Sum of the square root of integers from 1 to n

[Thirit]

Homework Statement

I want to know what's the formula to calculate the sum of the square root of integers from 1 to n.
I got an identity from wikipedia but its too complicated for me, it involves bernoulli's number, i don't know what is that.

Homework Equations

The Attempt at a Solution

In excel i managed to get a power regression and i got the formula 0.701n^(1.492), its kind of accurate but not 100%.

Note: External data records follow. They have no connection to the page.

(* Every positive root is W-conjugate to a simple root: lower it by simple reflections. *)
lemma pos_conj_simple: assumes "a \<in> P"
  shows "\<exists>xs s. set xs \<subseteq> S \<and> s \<in> S \<and> a = refl_word xs s"
  using assms
proof (induction rule: pos_root_induct)
  case (step a)
  show ?case
  proof (cases "a \<in> S")
    case True then show ?thesis by (intro exI[of _ "[]"] exI[of _ a]) auto
  next
    case False
    obtain t where t: "t \<in> S" "a \<bullet> t > 0" using pos_has_pos_simple[OF step.hyps] by blast
    have "refl t a \<in> P" using refl_pos[OF t(1) step.hyps] False t by auto
    moreover have "height (refl t a) \<le> height a - 1"
      using height_refl[OF t(1), of a] cartan_pos_ge1[of a t] t SR step.hyps PR by auto
    ultimately obtain xs s where xs: "set xs \<subseteq> S" "s \<in> S" "refl t a = refl_word xs s"
      using step.IH by blast
    then have "a = refl_word (t # xs) s" using refl_simple_invol[OF t(1), of a] by simp
    then show ?thesis using xs t by (intro exI[of _ "t # xs"] exI[of _ s]) auto
  qed
qed

(* Hence every root reflection is a word in simple reflections (conjugate of some r_s). *)
lemma refl_as_word: assumes a: "a \<in> R"
  shows "\<exists>ys. set ys \<subseteq> S \<and> refl a = refl_word ys"
proof -
  obtain xs s where xs: "set xs \<subseteq> S" "s \<in> S" and a_eq: "a = refl_word xs s \<or> a = - refl_word xs s"
    using pos_or_neg[OF a] pos_conj_simple by (metis minus_minus)
  have z: "0 \<notin> set xs" using zero_notin_simple_word[OF xs(1)] .
  have "refl a = refl (refl_word xs s)" using a_eq refl_negroot by metis
  also have "\<dots> = refl_word xs \<circ> refl s \<circ> refl_word (rev xs)"
    using refl_conj[OF refl_word_linear _ refl_word_inner[OF z]] refl_word_rev[of "rev xs"] z
    by simp
  also have "\<dots> = refl_word (xs @ [s] @ rev xs)" by (simp add: refl_word_append comp_assoc)
  finally show ?thesis using xs by (intro exI[of _ "xs @ [s] @ rev xs"]) auto
qed

lemma weyl_as_word: "w \<in> weyl R \<Longrightarrow> \<exists>xs. set xs \<subseteq> S \<and> w = refl_word xs"
proof (induction rule: weyl.induct)
  case weyl_id
  then show ?case by (intro exI[of _ "[]"]) auto
next
  case (weyl_step w a)
  then obtain xs ys where "set xs \<subseteq> S" "w = refl_word xs" "set ys \<subseteq> S" "refl a = refl_word ys"
    using refl_as_word by blast
  then show ?case by (intro exI[of _ "ys @ xs"]) (auto simp: refl_word_append)
qed

definition inversions :: "('a \<Rightarrow> 'a) \<Rightarrow> 'a set" where
  "inversions w = {b \<in> P. w b \<notin> P}"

I hope someone could help me.
Thanks

 

[EnumaElish]

Bernoulli numbers

The Wikipedia page entitled "Bernoulli number" has the definition:

Bernoulli numbers may be calculated by using the following recursive formula:
[tex]\sum_{j=0}^m\left(\begin{array}{ c }
m+1 \\
j
\end{array}\right)B_j=0[/tex]
for m > 0, and B₀ = 1.

 

[D H]

[I want to know what's the formula to calculate the sum of the square root of integers from 1 to n.
I got an identity from wikipedia but its too complicated for me, it involves bernoulli's number, i don't know what is that.

Exactly what Bernoulli numbers are (but see EnumaElish's post) is a bit irrelevant here because that identity, known as Faulhaber's formula, is only valid for integer powers.

What you want is something more general. See the mathworld article on power sums, http://mathworld.wolfram.com/PowerSum.html" , particularly equations 10 through 12.